15% tax for foreign buyers in Ontario; Quebec not anticipating the same
News
In late April, Ontario decided to impose a 15% tax on residential properties purchased by individuals who are not Canadian citizens or permanent residents and by foreign corporations. British Columbia implemented a similar tax in Vancouver in August 2016.
The purpose of the tax is to put the brakes on rapidly rising home prices, which have reached record highs in these areas. In Toronto, for example, the average price for a single-family home was $1.21 million in March, a 33.4% increase compared to the previous year (source: Le Devoir). The province of Quebec does not have plans to add a tax for foreign buyers. The finance minister recently confirmed that, for now, there will not be an additional tax for foreign investors on home purchases in Montréal.

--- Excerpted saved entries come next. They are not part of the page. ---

lemma ascending_path_colouring_odd:
  assumes L: "even L" and t: "\<And>j. even j \<Longrightarrow> 0 < j \<Longrightarrow> j < L \<Longrightarrow> t j \<in> {3, 4}"
    and asc: "ascending_inner L t" and j: "odd j" "j < L"
  shows "{ascending_path_colouring L t (j - 1), ascending_path_colouring L t j} \<in> {{1, 2}, {2, 5}, {5, 6}}"
proof -
  let ?c = "ascending_path_colouring L t"
  have "j \<noteq> 0" "j - 1 \<noteq> L - 1" using j L by (auto elim: oddE)
  show ?thesis
  proof (cases "j = 1")
    case True
    then have "?c (j - 1) = 2" "?c j \<in> {1, 5}" by (auto simp: ascending_path_colouring_def)
    then show ?thesis by (auto simp: doubleton_eq_iff)
  next
    case j1: False
    then have "even (j - 1)" "0 < j - 1" "j - 1 < L" using j odd_pos by fastforce+
    then have left: "?c (j - 1) = (if t (j - 1) = 3 then 2 else 6)" "t (j - 1) \<in> {3, 4}"
      using \<open>j - 1 \<noteq> L - 1\<close> t by (auto simp: ascending_path_colouring_def)
    show ?thesis
    proof (cases "j = L - 1")
      case True
      then have "?c j = 5" using \<open>j \<noteq> 0\<close> by (simp add: ascending_path_colouring_def)
      then show ?thesis using left by (auto simp: doubleton_eq_iff)
    next
      case False
      then have "j + 1 < L" "even (j + 1)" using j by auto
      then have "?c j = (if t (j + 1) = 3 then 1 else 5)" "t (j + 1) \<in> {3, 4}"
          "t (j - 1) \<le> t (j + 1)"
        using False \<open>j \<noteq> 0\<close> j1 j t[of "j + 1"]
          asc[unfolded ascending_inner_def, rule_format, of "j - 1"]
        by (auto simp: ascending_path_colouring_def)
      then show ?thesis using left by (auto simp: doubleton_eq_iff)
    qed
  qed
qed

lemma ascending_path_colouring_even:
  assumes "even L" "even j" "0 < j" "j < L"
  shows "{ascending_path_colouring L t (j - 1), ascending_path_colouring L t j} =
    (if t j = 3 then {1, 2} else {5, 6})"
proof -
  have "j - 1 \<noteq> 0" "j \<noteq> L - 1" "odd (j - 1)" using assms by auto
  then show ?thesis using assms by (auto simp: ascending_path_colouring_def)
qed

lemma good_path_colouring_ascending:
  assumes L: "even L" and t: "\<And>j. even j \<Longrightarrow> 0 < j \<Longrightarrow> j < L \<Longrightarrow> t j \<in> {3, 4}"
    and asc: "ascending_inner L t"
  shows "good_path_colouring L t (ascending_path_colouring L t)"
  unfolding good_path_colouring_def
  using ascending_path_colouring_odd[OF L t asc] ascending_path_colouring_even[OF L]
  by (auto simp: ascending_path_colouring_def)

lemma good_path_colouring_reflect:
  assumes c: "good_path_colouring L (\<lambda>j. 7 - t j) c"
    and t: "\<And>j. even j \<Longrightarrow> 0 < j \<Longrightarrow> j < L \<Longrightarrow> t j \<in> {3, 4}"
  shows "good_path_colouring L t (\<lambda>i. 7 - c i)"
  unfolding good_path_colouring_def
proof (intro conjI allI impI)
  show "7 - c 0 \<in> {2, 5}" "7 - c (L - 1) \<in> {2, 5}"
    using c by (auto simp: good_path_colouring_def)
  fix j
  assume "odd j \<and> j < L"
  then have "{c (j - 1), c j} \<in> {{1, 2}, {2, 5}, {5, 6}}"
    using c by (auto simp: good_path_colouring_def)
  then show "{7 - c (j - 1), 7 - c j} \<in> {{1, 2}, {2, 5}, {5, 6}}"
    by (simp only: insert_iff doubleton_eq_iff empty_iff) (elim disjE conjE; simp)
next
  fix j
  assume j: "even j \<and> 0 < j \<and> j < L"
  then have "{c (j - 1), c j} = (if 7 - t j = 3 then {1, 2} else {5, 6})"
    using c by (auto simp: good_path_colouring_def)
  then show "{7 - c (j - 1), 7 - c j} = (if t j = 3 then {1, 2} else {5, 6})"
    using t[of j] j by (cases "t j = 3") (auto simp: doubleton_eq_iff)
qed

Quebec will keep a close eye on the introduction of the tax for foreign buyers in the Toronto area and its potential effect on the Montréal market.
Real estate prices in Montréal remain relatively low and are more affordable than in Toronto or Vancouver.
According to the most recent data released by the Greater Montréal Real Estate Board, the median price for a single-family home rose to $319,000 in May, one third of the $1.1 million recorded last month in Toronto and the reference price of $1.56 million in Vancouver.
And although the number of foreign-purchased homes jumped by 62% in Montréal over the first 9 months of 2016, the Canada Mortgage and Housing Corporation points out that these purchases represent only 1.5% of all the real estate transactions. A recent report by the Québec Federation of Real Estate Boards explains that job growth and an influx of immigrants are fueling the accelerated real estate market in Montréal.
And as it stands now, the Montréal market is not experiencing a surge of Asian investors hoping to avoid the foreign-buyers’ tax in Toronto and Vancouver. At least not yet!